Exercise goal:
Where a line in the records below contains the string "longleftrightarrow", tally it; give only the final number.

(Listed entries Opens)

(* Let $(E,\langle\cdot,\cdot\rangle,\rho)$ be a Courant vector bundle over $M$ and let $\circ$ and $\tilde\circ$ be two pre-Courant algebroid structures on it, with associated Leibniz 2-algebras $\mathbb E$ and $\tilde{\mathbb E}$. Then $\mathbb E$ and $\tilde{\mathbb E}$ are isomorphic.
   Context: A Courant vector bundle over a smooth manifold $M$ is a vector bundle $E\to M$ with a fibrewise nondegenerate symmetric bilinear form $\langle\cdot,\cdot\rangle$ and a bundle map $\rho:E\to TM$ such that $\rho\circ\rho^*=0$, where $\rho^*:T^*M\to E^*\cong E$ is the dual of $\rho$ followed by the identification $E^*\cong E$ via $\langle\cdot,\cdot\rangle$. A pre-Courant algebroid structure on it is an $\mathbb R$-bilinear operation $\circ$ on $\Gamma(E)$ such that for all $e_1,e_2,e_3\in\Gamma(E)$: (i) $\rho(e_1\circ e_2)=[\rho(e_1),\rho(e_2)]$; (ii) $\langle e_1\circ e_1,e_2\rangle=\frac12\rho(e_2)\langle e_1,e_1\rangle$; (iii) $\rho(e_1)\langle e_2,e_3\rangle=\langle e_1\circ e_2,e_3\rangle+\langle e_2,e_1\circ e_3\rangle$. Its Jacobiator is $J(e_1,e_2,e_3)=e_1\circ(e_2\circ e_3)-(e_1\circ e_2)\circ e_3-e_2\circ(e_1\circ e_3)$. A Leibniz 2-algebra $(V_1\xrightarrow{d}V_0,l_2,l_3)$ consists of a complex of vector spaces, bilinear $l_2:V_i\times V_j\to V_{i+j}$ ($i+j\le1$) and trilinear $l_3:V_0^{3}\to V_1$ such that for all $w,x,y,z\in V_0$, $m,n\in V_1$: $d\,l_2(x,m)=l_2(x,dm)$; $d\,l_2(m,x)=l_2(dm,x)$; $l_2(dm,n)=l_2(m,dn)$; $d\,l_3(x,y,z)=l_2(x,l_2(y,z))-l_2(l_2(x,y),z)-l_2(y,l_2(x,z))$; $l_3(x,y,dm)=l_2(x,l_2(y,m))-l_2(l_2(x,y),m)-l_2(y,l_2(x,m))$; $l_3(x,dm,y)=l_2(x,l_2(m,y))-l_2(l_2(x,m),y)-l_2(m,l_2(x,y))$; $l_3(dm,x,y)=l_2(m,l_2(x,y))-l_2(l_2(m,x),y)-l_2(x,l_2(m,y))$; and $l_2(w,l_3(x,y,z))-l_2(x,l_3(w,y,z))+l_2(y,l_3(w,x,z))+l_2(l_3(w,x,y),z)-l_3(l_2(w,x),y,z)-l_3(x,l_2(w,y),z)-l_3(x,y,l_2(w,z))+l_3(w,l_2(x,y),z)+l_3(w,y,l_2(x,z))-l_3(w,x,l_2(y,z))=0$. The Leibniz 2-algebra associated to a pre-Courant algebroid $(E,\langle\cdot,\cdot\rangle,\rho,\circ)$ is $V_1=\Gamma(\operatorname{Ker}\rho)\xrightarrow{i}V_0=\Gamma(E)$ ($i$ the inclusion) with $l_2(e_1,e_2)=e_1\circ e_2$, $l_2(e,\kappa)=e\circ\kappa$, $l_2(\kappa,e)=\kappa\circ e$ for $e,e_1,e_2\in\Gamma(E)$, $\kappa\in\Gamma(\operatorname{Ker}\rho)$, and $l_3=J$. A morphism from $\mathbb V$ to $\mathbb V'$ consists of linear maps $f_0:V_0\to V_0'$, $f_1:V_1\to V_1'$ with $f_0\circ d=d'\circ f_1$ and a bilinear map $f_2:V_0\times V_0\to V_1'$ such that for all $x,y,z\in V_0$, $m\in V_1$: $l_2'(f_0x,f_0y)-f_0l_2(x,y)=d'f_2(x,y)$; $l_2'(f_0x,f_1m)-f_1l_2(x,m)=f_2(x,dm)$; $l_2'(f_1m,f_0x)-f_1l_2(m,x)=f_2(dm,x)$; and $f_1(l_3(x,y,z))+l_2'(f_0x,f_2(y,z))-l_2'(f_0y,f_2(x,z))-l_2'(f_2(x,y),f_0z)-f_2(l_2(x,y),z)+f_2(x,l_2(y,z))-f_2(y,l_2(x,z))-l_3'(f_0x,f_0y,f_0z)=0$. It is an isomorphism if $f_0$ and $f_1$ are bijective. *)

theory Defs
  imports Main "HOL.Real_Vector_Spaces"
begin

text \<open>
  The manifold M is represented by its algebra of smooth
  functions C, a set of real-valued functions on a point type 'm.
  Smooth vector fields are derivations of C (acting on C); two vector fields
  are equal iff they agree on C; the Lie bracket is the commutator.
  Sections Gamma(E) form the real vector space 'e, which is a C-module via smul.
\<close>

definition fun_algebra :: "('m \<Rightarrow> real) set \<Rightarrow> bool" where
  "fun_algebra C \<longleftrightarrow>
     (\<forall>c. (\<lambda>_. c) \<in> C) \<and>
     (\<forall>f\<in>C. \<forall>g\<in>C. (\<lambda>p. f p + g p) \<in> C \<and> (\<lambda>p. f p * g p) \<in> C)"

definition derivation :: "('m \<Rightarrow> real) set \<Rightarrow> (('m \<Rightarrow> real) \<Rightarrow> ('m \<Rightarrow> real)) \<Rightarrow> bool" where
  "derivation C X \<longleftrightarrow>
     (\<forall>f\<in>C. X f \<in> C) \<and>
     (\<forall>f\<in>C. \<forall>g\<in>C. X (\<lambda>p. f p + g p) = (\<lambda>p. X f p + X g p)) \<and>
     (\<forall>f\<in>C. \<forall>c. X (\<lambda>p. c * f p) = (\<lambda>p. c * X f p)) \<and>
     (\<forall>f\<in>C. \<forall>g\<in>C. X (\<lambda>p. f p * g p) = (\<lambda>p. f p * X g p + g p * X f p))"

definition courant_vector_bundle ::
  "('m \<Rightarrow> real) set \<Rightarrow> (('m \<Rightarrow> real) \<Rightarrow> 'e::real_vector \<Rightarrow> 'e)
   \<Rightarrow> ('e \<Rightarrow> 'e \<Rightarrow> 'm \<Rightarrow> real) \<Rightarrow> ('e \<Rightarrow> ('m \<Rightarrow> real) \<Rightarrow> ('m \<Rightarrow> real)) \<Rightarrow> bool" where
  "courant_vector_bundle C smul pair rho \<longleftrightarrow>
     fun_algebra C \<and>
     \<comment> \<open>Gamma(E) is a C-module extending its real vector space structure\<close>
     (\<forall>f\<in>C. \<forall>e e'. smul f (e + e') = smul f e + smul f e') \<and>
     (\<forall>f\<in>C. \<forall>g\<in>C. \<forall>e. smul (\<lambda>p. f p + g p) e = smul f e + smul g e) \<and>
     (\<forall>f\<in>C. \<forall>g\<in>C. \<forall>e. smul (\<lambda>p. f p * g p) e = smul f (smul g e)) \<and>
     (\<forall>c e. smul (\<lambda>_. c) e = c *\<^sub>R e) \<and>
     \<comment> \<open>symmetric C-bilinear nondegenerate pairing\<close>
     (\<forall>e e'. pair e e' \<in> C) \<and>
     (\<forall>e e'. pair e e' = pair e' e) \<and>
     (\<forall>e1 e2 e3. pair (e1 + e2) e3 = (\<lambda>p. pair e1 e3 p + pair e2 e3 p)) \<and>
     (\<forall>f\<in>C. \<forall>e1 e2. pair (smul f e1) e2 = (\<lambda>p. f p * pair e1 e2 p)) \<and>
     (\<forall>e. (\<forall>e'. pair e e' = (\<lambda>_. 0)) \<longrightarrow> e = 0) \<and>
     \<comment> \<open>anchor: C-linear map to vector fields\<close>
     (\<forall>e. derivation C (rho e)) \<and>
     (\<forall>e1 e2. \<forall>f\<in>C. rho (e1 + e2) f = (\<lambda>p. rho e1 f p + rho e2 f p)) \<and>
     (\<forall>g\<in>C. \<forall>e. \<forall>f\<in>C. rho (smul g e) f = (\<lambda>p. g p * rho e f p)) \<and>
     \<comment> \<open>rho o rho^* = 0: the section s = rho^*(df), characterised by
         pair s e = rho e f for all e, is mapped to the zero vector field\<close>
     (\<forall>f\<in>C. \<forall>s. (\<forall>e. pair s e = rho e f) \<longrightarrow> (\<forall>g\<in>C. rho s g = (\<lambda>_. 0)))"

definition pre_courant ::
  "('m \<Rightarrow> real) set \<Rightarrow> (('m \<Rightarrow> real) \<Rightarrow> 'e::real_vector \<Rightarrow> 'e)
   \<Rightarrow> ('e \<Rightarrow> 'e \<Rightarrow> 'm \<Rightarrow> real) \<Rightarrow> ('e \<Rightarrow> ('m \<Rightarrow> real) \<Rightarrow> ('m \<Rightarrow> real))
   \<Rightarrow> ('e \<Rightarrow> 'e \<Rightarrow> 'e) \<Rightarrow> bool" where
  "pre_courant C smul pair rho circ \<longleftrightarrow>
     \<comment> \<open>R-bilinearity\<close>
     (\<forall>x y z. circ (x + y) z = circ x z + circ y z) \<and>
     (\<forall>a x z. circ (a *\<^sub>R x) z = a *\<^sub>R circ x z) \<and>
     (\<forall>x y z. circ z (x + y) = circ z x + circ z y) \<and>
     (\<forall>a x z. circ z (a *\<^sub>R x) = a *\<^sub>R circ z x) \<and>
     \<comment> \<open>(i)\<close>
     (\<forall>e1 e2. \<forall>f\<in>C. rho (circ e1 e2) f = (\<lambda>p. rho e1 (rho e2 f) p - rho e2 (rho e1 f) p)) \<and>
     \<comment> \<open>(ii)\<close>
     (\<forall>e1 e2. pair (circ e1 e1) e2 = (\<lambda>p. rho e2 (pair e1 e1) p / 2)) \<and>
     \<comment> \<open>(iii)\<close>
     (\<forall>e1 e2 e3. rho e1 (pair e2 e3) = (\<lambda>p. pair (circ e1 e2) e3 p + pair e2 (circ e1 e3) p))"

definition jacobiator :: "('e::real_vector \<Rightarrow> 'e \<Rightarrow> 'e) \<Rightarrow> 'e \<Rightarrow> 'e \<Rightarrow> 'e \<Rightarrow> 'e" where
  "jacobiator circ e1 e2 e3 = circ e1 (circ e2 e3) - circ (circ e1 e2) e3 - circ e2 (circ e1 e3)"

text \<open>Data of a (candidate) Leibniz 2-algebra V1 --d--> V0, with l2 split by degrees.\<close>
record ('a, 'b) leib2 =
  V0 :: "'a set"
  V1 :: "'b set"
  dif :: "'b \<Rightarrow> 'a"
  l2_00 :: "'a \<Rightarrow> 'a \<Rightarrow> 'a"
  l2_01 :: "'a \<Rightarrow> 'b \<Rightarrow> 'b"
  l2_10 :: "'b \<Rightarrow> 'a \<Rightarrow> 'b"
  l3 :: "'a \<Rightarrow> 'a \<Rightarrow> 'a \<Rightarrow> 'b"

definition ker_sections :: "('m \<Rightarrow> real) set \<Rightarrow> ('e \<Rightarrow> ('m \<Rightarrow> real) \<Rightarrow> ('m \<Rightarrow> real)) \<Rightarrow> 'e set" where
  "ker_sections C rho = {e. \<forall>f\<in>C. rho e f = (\<lambda>_. 0)}"

definition assoc_leib2 ::
  "('m \<Rightarrow> real) set \<Rightarrow> ('e::real_vector \<Rightarrow> ('m \<Rightarrow> real) \<Rightarrow> ('m \<Rightarrow> real)) \<Rightarrow> ('e \<Rightarrow> 'e \<Rightarrow> 'e)
   \<Rightarrow> ('e, 'e) leib2" where
  "assoc_leib2 C rho circ =
     \<lparr> V0 = UNIV, V1 = ker_sections C rho, dif = id,
       l2_00 = circ, l2_01 = circ, l2_10 = circ, l3 = jacobiator circ \<rparr>"

definition leib2_morphism ::
  "('a::real_vector, 'b::real_vector) leib2 \<Rightarrow> ('c::real_vector, 'd::real_vector) leib2
   \<Rightarrow> ('a \<Rightarrow> 'c) \<Rightarrow> ('b \<Rightarrow> 'd) \<Rightarrow> ('a \<Rightarrow> 'a \<Rightarrow> 'd) \<Rightarrow> bool" where
  "leib2_morphism A B f0 f1 f2 \<longleftrightarrow>
     f0 ` V0 A \<subseteq> V0 B \<and> f1 ` V1 A \<subseteq> V1 B \<and>
     (\<forall>x\<in>V0 A. \<forall>y\<in>V0 A. f2 x y \<in> V1 B) \<and>
     \<comment> \<open>linearity of f0, f1 and bilinearity of f2\<close>
     (\<forall>x\<in>V0 A. \<forall>y\<in>V0 A. f0 (x + y) = f0 x + f0 y) \<and>
     (\<forall>a. \<forall>x\<in>V0 A. f0 (a *\<^sub>R x) = a *\<^sub>R f0 x) \<and>
     (\<forall>m\<in>V1 A. \<forall>n\<in>V1 A. f1 (m + n) = f1 m + f1 n) \<and>
     (\<forall>a. \<forall>m\<in>V1 A. f1 (a *\<^sub>R m) = a *\<^sub>R f1 m) \<and>
     (\<forall>x\<in>V0 A. \<forall>y\<in>V0 A. \<forall>z\<in>V0 A. f2 (x + y) z = f2 x z + f2 y z \<and> f2 z (x + y) = f2 z x + f2 z y) \<and>
     (\<forall>a. \<forall>x\<in>V0 A. \<forall>z\<in>V0 A. f2 (a *\<^sub>R x) z = a *\<^sub>R f2 x z \<and> f2 z (a *\<^sub>R x) = a *\<^sub>R f2 z x) \<and>
     \<comment> \<open>chain map\<close>
     (\<forall>m\<in>V1 A. f0 (dif A m) = dif B (f1 m)) \<and>
     \<comment> \<open>compatibility conditions\<close>
     (\<forall>x\<in>V0 A. \<forall>y\<in>V0 A.
        l2_00 B (f0 x) (f0 y) - f0 (l2_00 A x y) = dif B (f2 x y)) \<and>
     (\<forall>x\<in>V0 A. \<forall>m\<in>V1 A.
        l2_01 B (f0 x) (f1 m) - f1 (l2_01 A x m) = f2 x (dif A m)) \<and>
     (\<forall>x\<in>V0 A. \<forall>m\<in>V1 A.
        l2_10 B (f1 m) (f0 x) - f1 (l2_10 A m x) = f2 (dif A m) x) \<and>
     (\<forall>x\<in>V0 A. \<forall>y\<in>V0 A. \<forall>z\<in>V0 A.
        f1 (l3 A x y z) + l2_01 B (f0 x) (f2 y z) - l2_01 B (f0 y) (f2 x z)
        - l2_10 B (f2 x y) (f0 z) - f2 (l2_00 A x y) z + f2 x (l2_00 A y z)
        - f2 y (l2_00 A x z) - l3 B (f0 x) (f0 y) (f0 z) = 0)"

definition leib2_isomorphism ::
  "('a::real_vector, 'b::real_vector) leib2 \<Rightarrow> ('c::real_vector, 'd::real_vector) leib2
   \<Rightarrow> ('a \<Rightarrow> 'c) \<Rightarrow> ('b \<Rightarrow> 'd) \<Rightarrow> ('a \<Rightarrow> 'a \<Rightarrow> 'd) \<Rightarrow> bool" where
  "leib2_isomorphism A B f0 f1 f2 \<longleftrightarrow>
     leib2_morphism A B f0 f1 f2 \<and> bij_betw f0 (V0 A) (V0 B) \<and> bij_betw f1 (V1 A) (V1 B)"

definition leib2_isomorphic ::
  "('a::real_vector, 'b::real_vector) leib2 \<Rightarrow> ('c::real_vector, 'd::real_vector) leib2 \<Rightarrow> bool" where
  "leib2_isomorphic A B \<longleftrightarrow> (\<exists>f0 f1 f2. leib2_isomorphism A B f0 f1 f2)"

end

theory Submission
  imports Defs
begin

text \<open>
  Both Leibniz 2-algebras live on the same complex \<open>\<Gamma>(Ker \<rho>) \<hookrightarrow> \<Gamma>(E)\<close>, so the identity
  maps in degrees 0 and 1 are candidates for an isomorphism, with the homotopy
  \<open>f\<^sub>2(x, y) = x \<circ>' y - x \<circ> y\<close> correcting the brackets. Since both brackets satisfy the
  anchor condition (i), this difference lies in \<open>Ker \<rho>\<close>; the remaining coherence
  condition on \<open>l\<^sub>3\<close> is then a purely algebraic identity valid for any two bilinear
  operations.
\<close>

lemma pre_courant_linear:
  assumes "pre_courant C smul pair rho circ"
  shows "linear (\<lambda>x. circ x z)" and "linear (circ z)"
  using assms by (auto simp: pre_courant_def linear_iff)

lemma pre_courant_bracket_diff_in_ker_sections:
  assumes "courant_vector_bundle C smul pair rho"
    and "pre_courant C smul pair rho circ"
    and "pre_courant C smul pair rho circ'"
  shows "circ' x y - circ x y \<in> ker_sections C rho"
  unfolding ker_sections_def
proof (intro CollectI ballI)
  fix f assume f: "f \<in> C"
  have "rho (circ' x y) f = rho (circ x y + (circ' x y - circ x y)) f"
    by simp
  also have "\<dots> = (\<lambda>p. rho (circ x y) f p + rho (circ' x y - circ x y) f p)"
    using assms(1) f unfolding courant_vector_bundle_def by blast
  finally have "rho (circ' x y) f = (\<lambda>p. rho (circ x y) f p + rho (circ' x y - circ x y) f p)" .
  moreover have "rho (circ' x y) f = rho (circ x y) f"
    using assms(2,3) f unfolding pre_courant_def by simp
  ultimately show "rho (circ' x y - circ x y) f = (\<lambda>_. 0)"
    by (metis add_cancel_left_right fun_eq_iff)
qed

lemma jacobiator_diff_coherence:
  fixes b b' :: "'a::real_vector \<Rightarrow> 'a \<Rightarrow> 'a"
  assumes "\<And>z. linear (\<lambda>x. b x z)" "\<And>z. linear (b z)"
    and "\<And>z. linear (\<lambda>x. b' x z)" "\<And>z. linear (b' z)"
  defines "d \<equiv> \<lambda>x y. b' x y - b x y"
  shows "jacobiator b x y z + b' x (d y z) - b' y (d x z) - b' (d x y) z
           - d (b x y) z + d x (b y z) - d y (b x z) - jacobiator b' x y z = 0"
  unfolding d_def jacobiator_def
  by (simp add: linear_diff[OF assms(1)] linear_diff[OF assms(2)]
                linear_diff[OF assms(3)] linear_diff[OF assms(4)] algebra_simps)

lemma assoc_leib2_isomorphism_id:
  fixes b b' :: "'e::real_vector \<Rightarrow> 'e \<Rightarrow> 'e"
  assumes "\<And>z. linear (\<lambda>x. b x z)" "\<And>z. linear (b z)"
    and "\<And>z. linear (\<lambda>x. b' x z)" "\<And>z. linear (b' z)"
    and "\<And>x y. b' x y - b x y \<in> ker_sections C rho"
  shows "leib2_isomorphism (assoc_leib2 C rho b) (assoc_leib2 C rho b') id id
           (\<lambda>x y. b' x y - b x y)"
  unfolding leib2_isomorphism_def leib2_morphism_def assoc_leib2_def
  using assms(5) jacobiator_diff_coherence[OF assms(1-4)]
  by (simp add: linear_add[OF assms(1)] linear_add[OF assms(2)]
                linear_add[OF assms(3)] linear_add[OF assms(4)]
                linear_scale[OF assms(1)] linear_scale[OF assms(2)]
                linear_scale[OF assms(3)] linear_scale[OF assms(4)]
                algebra_simps scaleR_diff_right)

theorem theorem4p6:
  fixes C :: "('m \<Rightarrow> real) set"
    and smul :: "('m \<Rightarrow> real) \<Rightarrow> 'e::real_vector \<Rightarrow> 'e"
    and pair :: "'e \<Rightarrow> 'e \<Rightarrow> 'm \<Rightarrow> real"
    and rho :: "'e \<Rightarrow> ('m \<Rightarrow> real) \<Rightarrow> ('m \<Rightarrow> real)"
    and circ circ' :: "'e \<Rightarrow> 'e \<Rightarrow> 'e"
  assumes "courant_vector_bundle C smul pair rho"
    and "pre_courant C smul pair rho circ"
    and "pre_courant C smul pair rho circ'"
  shows "leib2_isomorphic (assoc_leib2 C rho circ) (assoc_leib2 C rho circ')"
proof -
  have "leib2_isomorphism (assoc_leib2 C rho circ) (assoc_leib2 C rho circ') id id
          (\<lambda>x y. circ' x y - circ x y)"
    using assoc_leib2_isomorphism_id[OF pre_courant_linear[OF assms(2)]
        pre_courant_linear[OF assms(3)] pre_courant_bracket_diff_in_ker_sections[OF assms]] .
  then show ?thesis
    unfolding leib2_isomorphic_def by blast
qed

end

(Listed entries Closes)

Written solution:
7